La Guinée ne redressera durablement son école ni par les infrastructures seules, ni par la succession des programmes et des réformes administratives. La transformation se jouera aussi dans chaque établissement, sous l’impulsion de directeurs, principaux et proviseurs compétents, intègres, préparés et tenus responsables des apprentissages.

Depuis plusieurs décennies, notre pays cherche à réformer son système éducatif. Des programmes sont révisés, des infrastructures construites ou réhabilitées, des enseignants recrutés, des formations organisées et de nouvelles orientations annoncées. Ces efforts sont nécessaires. Pourtant, les résultats restent en deçà des attentes : les apprentissages demeurent fragiles, les inégalités persistent, l’encadrement pédagogique est insuffisant et la confiance de nombreuses familles dans l’école s’érode.

Face à cette situation, le débat public se concentre généralement sur les programmes, les examens, les infrastructures, les effectifs ou le niveau des enseignants. Une question décisive reste cependant reléguée au second plan : qui dirige réellement nos écoles, nos collèges et nos lycées, et comment préparons-nous celles et ceux à qui nous confions cette responsabilité ?

Un angle mort de la réforme éducative

Au cœur de chaque établissement se trouve un acteur stratégique : le leader scolaire.

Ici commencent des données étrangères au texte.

lemma unit_argmin_quadratic_ratio:
  fixes f :: "real \<Rightarrow> real"
  assumes s: "0 < s" and a: "0 < a" and bc: "(b = 0 \<and> c = 0) \<or> (0 < b \<and> 0 < c)"
    and f1: "f 1 = s"
    and f: "\<And>x. 0 \<le> x \<Longrightarrow> x < 1 \<Longrightarrow> f x = ((a / (1 - x))\<^sup>2 * s + c) / (a / (1 - x) + b)\<^sup>2"
  shows "unit_argmin f = {0..1} \<or> (\<exists>y0. 0 \<le> y0 \<and> y0 < 1 \<and> unit_argmin f = {y0})"
  using bc
proof
  assume "b = 0 \<and> c = 0"
  then have "f x = s" if "x \<in> {0..1}" for x
    using that f1 f[of x] a by (cases "x = 1") auto
  then show ?thesis unfolding unit_argmin_def by auto
next
  assume bc: "0 < b \<and> 0 < c"
  define v where "v = max a (c / (s * b))"
  define y0 where "y0 = 1 - a / v"
  have v: "0 < v" "a \<le> v" unfolding v_def using a by auto
  have y0: "0 \<le> y0" "y0 < 1" unfolding y0_def using a v by (auto simp: field_simps)
  have fy0: "f y0 = (v\<^sup>2 * s + c) / (v + b)\<^sup>2" using f[OF y0] a v unfolding y0_def by simp
  have "f y0 < f x" if x: "x \<in> {0..1}" "x \<noteq> y0" for x
  proof (cases "x = 1")
    case True
    then show ?thesis using quadratic_ratio_min_lt[OF s _ a v_def] bc fy0 f1 by simp
  next
    case False
    then have x1: "x < 1" using x by simp
    have "a / (1 - x) \<noteq> v"
    proof
      assume "a / (1 - x) = v"
      then have "x = y0" unfolding y0_def using a x1 v by (auto simp: field_simps)
      then show False using x by simp
    qed
    moreover have "a \<le> a / (1 - x)" using a x x1 by (simp add: field_simps)
    ultimately show ?thesis
      using quadratic_ratio_strict_min[OF s _ _ a _ v_def] bc fy0 f[of x] x x1 by simp
  qed
  then have "unit_argmin f = {y0}" using y0 by (intro unit_argmin_eq_singleton) auto
  then show ?thesis using y0 by blast
qed

lemma best_resp_no_other_stubborn:
  fixes P :: "real^'n^'n"
  assumes P: "row_stochastic P" and irr: "irreducible_mat P" and ap: "aperiodic_mat P"
    and \<sigma>: "\<And>j. 0 < \<sigma>2 $ j" and z: "z \<in> cbox 0 1" and others: "\<And>j. j \<noteq> k \<Longrightarrow> z $ j < 1"
  shows "best_resp P \<sigma>2 k z = {0..1} \<or> (\<exists>y0. 0 \<le> y0 \<and> y0 < 1 \<and> best_resp P \<sigma>2 k z = {y0})"
proof -
  obtain \<mu> where st: "stationary P \<mu>" and \<mu>: "\<And>j. 0 < \<mu> $ j"
    using stationary_pos_exists[OF P irr ap] by blast
  have zx: "upd z k x \<in> cbox 0 1" if "0 \<le> x" "x \<le> 1" for x
    using that z by (simp add: mem_box_cart)
  define b where "b = (\<Sum>j\<in>UNIV - {k}. \<mu> $ j / (1 - z $ j))"
  define c where "c = (\<Sum>j\<in>UNIV - {k}. (\<mu> $ j / (1 - z $ j))\<^sup>2 * \<sigma>2 $ j)"
  have bc: "(b = 0 \<and> c = 0) \<or> (0 < b \<and> 0 < c)"
  proof (cases "UNIV - {k} = {}")
    case False
    have w: "0 < \<mu> $ j / (1 - z $ j)" if "j \<in> UNIV - {k}" for j
      using \<mu>[of j] others that by simp
    then have "0 < (\<mu> $ j / (1 - z $ j))\<^sup>2 * \<sigma>2 $ j" if "j \<in> UNIV - {k}" for j
      using mult_pos_pos[OF zero_less_power[OF w[OF that]] \<sigma>[of j]] by simp
    then have "0 < b" "0 < c" unfolding b_def c_def using False w by (intro sum_pos; simp)+
    then show ?thesis by simp
  qed (simp only: b_def c_def sum.empty; simp)
  have "cost P \<sigma>2 k (upd z k x) = ((\<mu> $ k / (1 - x))\<^sup>2 * \<sigma>2 $ k + c) / (\<mu> $ k / (1 - x) + b)\<^sup>2"
    if "0 \<le> x" "x < 1" for x
  proof -
    have zx': "upd z k x \<in> cbox 0 1" using that by (intro zx) auto
    have no_stubborn: "upd z k x $ i < 1" for i using that others[of i] by simp
    have "(\<Sum>j\<in>UNIV - {k}. \<mu> $ j / (1 - upd z k x $ j)) = b"
      "(\<Sum>j\<in>UNIV - {k}. (\<mu> $ j / (1 - upd z k x $ j))\<^sup>2 * \<sigma>2 $ j) = c"
      unfolding b_def c_def by (auto intro!: sum.cong)
    then show ?thesis
      unfolding cost_no_stubborn[OF P irr ap st \<mu> zx' no_stubborn] by simp
  qed
  moreover have "cost P \<sigma>2 k (upd z k 1) = \<sigma>2 $ k"
    using zx by (intro cost_stubborn_self[OF P irr]) auto
  ultimately show ?thesis
    unfolding best_resp_eq_unit_argmin using \<mu> \<sigma> bc by (intro unit_argmin_quadratic_ratio) auto
qed

lemma best_resp_other_stubborn:
  fixes P :: "real^'n^'n"
  assumes P: "row_stochastic P" and irr: "irreducible_mat P"
    and \<sigma>: "\<And>j. 0 < \<sigma>2 $ j" and z: "z \<in> cbox 0 1" and s: "s \<noteq> k" "z $ s = 1"
    and max: "\<And>j. z $ j = 1 \<Longrightarrow> \<sigma>2 $ j \<le> \<sigma>2 $ k"
  shows "best_resp P \<sigma>2 k z = {0..<1} \<or> best_resp P \<sigma>2 k z = {0..1}"
proof -
  define f where "f x = cost P \<sigma>2 k (upd z k x)" for x
  have zx: "upd z k x \<in> cbox 0 1" if "0 \<le> x" "x \<le> 1" for x
    using that z by (simp add: mem_box_cart)
  have f1: "f 1 = \<sigma>2 $ k"
    unfolding f_def using zx by (intro cost_stubborn_self[OF P irr]) auto
  have f_const: "f x = f 0" if "0 \<le> x" "x < 1" for x
  proof -
    have "Hmat P (upd z k x) = Hmat P (upd z k 0)"
      using that s zx by (intro Hmat_eq_if_same_stubborn[OF P irr, where s=s]) auto
    then show ?thesis unfolding f_def cost_def by simp
  qed
  have "f 0 \<le> \<sigma>2 $ k"
    unfolding f_def using s \<sigma> max zx
    by (intro cost_le_stubborn_max[OF P irr, where s=s]) (auto simp: less_imp_le split: if_splits)
  then have "f x \<le> f y" if "0 \<le> x" "x < 1" "y \<in> {0..1}" for x y
    using f1 f_const[OF that(1,2)] f_const[of y] that(3) by (cases "y = 1") auto
  then have "{0..<1} \<subseteq> unit_argmin f" unfolding unit_argmin_def by auto
  then show ?thesis unfolding best_resp_eq_unit_argmin f_def by (rule unit_argmin_cases_Ico)
qed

Directeur d’école primaire, principal de collège, proviseur de lycée ou responsable pédagogique, il doit donner une direction à l’établissement, mobiliser les enseignants, suivre les apprentissages, instaurer un climat de travail, dialoguer avec les familles, protéger les élèves, gérer les ressources et rendre compte des résultats.

Lorsque ce leadership est faible, même les meilleures politiques nationales risquent de s’arrêter à la porte de l’école.

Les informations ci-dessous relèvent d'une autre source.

lemma vcat_assoc_if_act_pentagon: "assoc_natural_A \<alpha> \<Longrightarrow> act_pentagon \<alpha> \<Longrightarrow> vcat_assoc M"
  unfolding vcat_assoc_def
proof (intro ballI)
  assume N: "assoc_natural_A \<alpha>" and P: "act_pentagon \<alpha>"
  fix B C D E assume o: "B \<in> obj A" "C \<in> obj A" "D \<in> obj A" "E \<in> obj A"
  define hDE where "hDE = ho D E"
  define hCD where "hCD = ho C D"
  define hBC where "hBC = ho B C"
  note T = typing o comp_typedD[OF Mt] assoc_typedD[OF at]
  have oh: "hDE \<in> obj V" "hCD \<in> obj V" "hBC \<in> obj V" unfolding hDE_def hCD_def hBC_def using T by auto
  have ee: "psi hDE D E (iV hDE) = eps D E" "psi hBC B C (iV hBC) = eps B C" "psi hCD C D (iV hCD) = eps C D"
    by (simp_all add: hDE_def hBC_def hCD_def eps_def)
  note T2 = T oh hDE_def[symmetric] hCD_def[symmetric] hBC_def[symmetric] ee
  have p: "(iV hDE \<star> \<alpha> hCD hBC B) \<cdot> \<alpha> hDE (tns V hCD hBC) B \<cdot> (asc V hDE hCD hBC \<star> iA B) =
     \<alpha> hDE hCD (ao hBC B) \<cdot> \<alpha> (tns V hDE hCD) hBC B"
    using P oh o unfolding act_pentagon_def by auto
  have n0: "\<alpha> hDE hCD C \<cdot> (iV (tns V hDE hCD) \<star> eps B C) = (iV hDE \<star> (iV hCD \<star> eps B C)) \<cdot> \<alpha> hDE hCD (ao hBC B)"
    using N[unfolded assoc_natural_A_def, rule_format, of "eps B C" hDE hCD] oh T by (simp add: hBC_def)
  have n: "\<alpha> hDE hCD C \<cdot> (iV (tns V hDE hCD) \<star> eps B C) \<cdot> \<alpha> (tns V hDE hCD) hBC B =
     (iV hDE \<star> (iV hCD \<star> eps B C)) \<cdot> \<alpha> hDE hCD (ao hBC B) \<cdot> \<alpha> (tns V hDE hCD) hBC B"
    by (rule A_precomp2[OF n0]) (use T2 in auto)
  have pM: "\<And>B C D. B \<in> obj A \<Longrightarrow> C \<in> obj A \<Longrightarrow> D \<in> obj A \<Longrightarrow> psi (tns V (ho C D) (ho B C)) B D (M B C D) =
      eps C D \<cdot> (iV (ho C D) \<star> eps B C) \<cdot> \<alpha> (ho C D) (ho B C) B"
    by (rule psi_comp)
  show "M B D E \<bullet> (iV (ho D E) \<otimes> M B C D) \<bullet> asc V (ho D E) (ho C D) (ho B C) = M B C E \<bullet> (M C D E \<otimes> iV (ho B C))"
  proof (rule psi_eqI[of B E _ "tns V (tns V hDE hCD) hBC"])
    have "psi (tns V (tns V hDE hCD) hBC) B E (M B D E \<bullet> (iV (ho D E) \<otimes> M B C D) \<bullet> asc V (ho D E) (ho C D) (ho B C)) =
       psi (tns V hDE (tns V hCD hBC)) B E (M B D E \<bullet> (iV (ho D E) \<otimes> M B C D)) \<cdot> (asc V hDE hCD hBC \<star> iA B)"
      using psi_precomp[of "asc V hDE hCD hBC" "M B D E \<bullet> (iV (ho D E) \<otimes> M B C D)" B E] T2 by simp
    also have "\<dots> = eps D E \<cdot> (iV hDE \<star> (eps C D \<cdot> (iV hCD \<star> eps B C) \<cdot> \<alpha> hCD hBC B)) \<cdot> \<alpha> hDE (tns V hCD hBC) B \<cdot> (asc V hDE hCD hBC \<star> iA B)"
      using correspD[OF R o(1,3,4), of "iV (ho D E)" "M B C D"] pM[OF o(1,2,3)] T2 by (simp add: eps_def[symmetric])
    also have "\<dots> = eps D E \<cdot> (iV hDE \<star> eps C D) \<cdot> (iV hDE \<star> (iV hCD \<star> eps B C)) \<cdot>
        ((iV hDE \<star> \<alpha> hCD hBC B) \<cdot> \<alpha> hDE (tns V hCD hBC) B \<cdot> (asc V hDE hCD hBC \<star> iA B))"
      using T2 by (simp add: merge)
    also have "\<dots> = eps D E \<cdot> (iV hDE \<star> eps C D) \<cdot> (iV hDE \<star> (iV hCD \<star> eps B C)) \<cdot> \<alpha> hDE hCD (ao hBC B) \<cdot> \<alpha> (tns V hDE hCD) hBC B"
      by (simp only: p)
    also have "\<dots> = eps D E \<cdot> (iV hDE \<star> eps C D) \<cdot> \<alpha> hDE hCD C \<cdot> (iV (tns V hDE hCD) \<star> eps B C) \<cdot> \<alpha> (tns V hDE hCD) hBC B"
      by (simp only: n)
    also have "\<dots> = psi (tns V (tns V hDE hCD) hBC) B E (M B C E \<bullet> (M C D E \<otimes> iV (ho B C)))"
      using correspD[OF R o(1,2,4), of "M C D E" "iV (ho B C)"] pM[OF o(2,3,4)] T2 by (simp add: eps_def[symmetric])
    finally show "psi (tns V (tns V hDE hCD) hBC) B E (M B D E \<bullet> (iV (ho D E) \<otimes> M B C D) \<bullet> asc V (ho D E) (ho C D) (ho B C)) =
      psi (tns V (tns V hDE hCD) hBC) B E (M B C E \<bullet> (M C D E \<otimes> iV (ho B C)))" .
  qed (use T2 in auto)
qed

Les politiques éducatives prennent véritablement vie dans les établissements. C’est dans les salles de classe, les réunions pédagogiques, la gestion des absences, le suivi des élèves et les relations avec les parents que la réforme réussit ou échoue.

Un programme peut être techniquement solide ; s’il n’est pas compris, porté et suivi par les responsables des établissements, il restera un document de plus. Une formation peut être pertinente ; si aucune direction ne veille à son application, son effet s’estompera rapidement. Des équipements peuvent être distribués ; sans gouvernance responsable, ils risquent d’être sous-utilisés, mal entretenus ou détournés de leur finalité.

La réforme éducative ne peut donc pas descendre mécaniquement du ministère vers les écoles. Elle a besoin de femmes et d’hommes capables de l’interpréter, de la conduire, de mobiliser les équipes et de l’adapter aux réalités locales. Le leadership scolaire constitue le pont entre la politique nationale et l’apprentissage réel de l’enfant.

Administrer une école ne suffit plus

Le chef d’établissement du XXIᵉ siècle ne peut plus se limiter à signer des documents, établir des emplois du temps, transmettre des instructions et veiller à l’ordre. Il doit être, avant tout, un leader pédagogique.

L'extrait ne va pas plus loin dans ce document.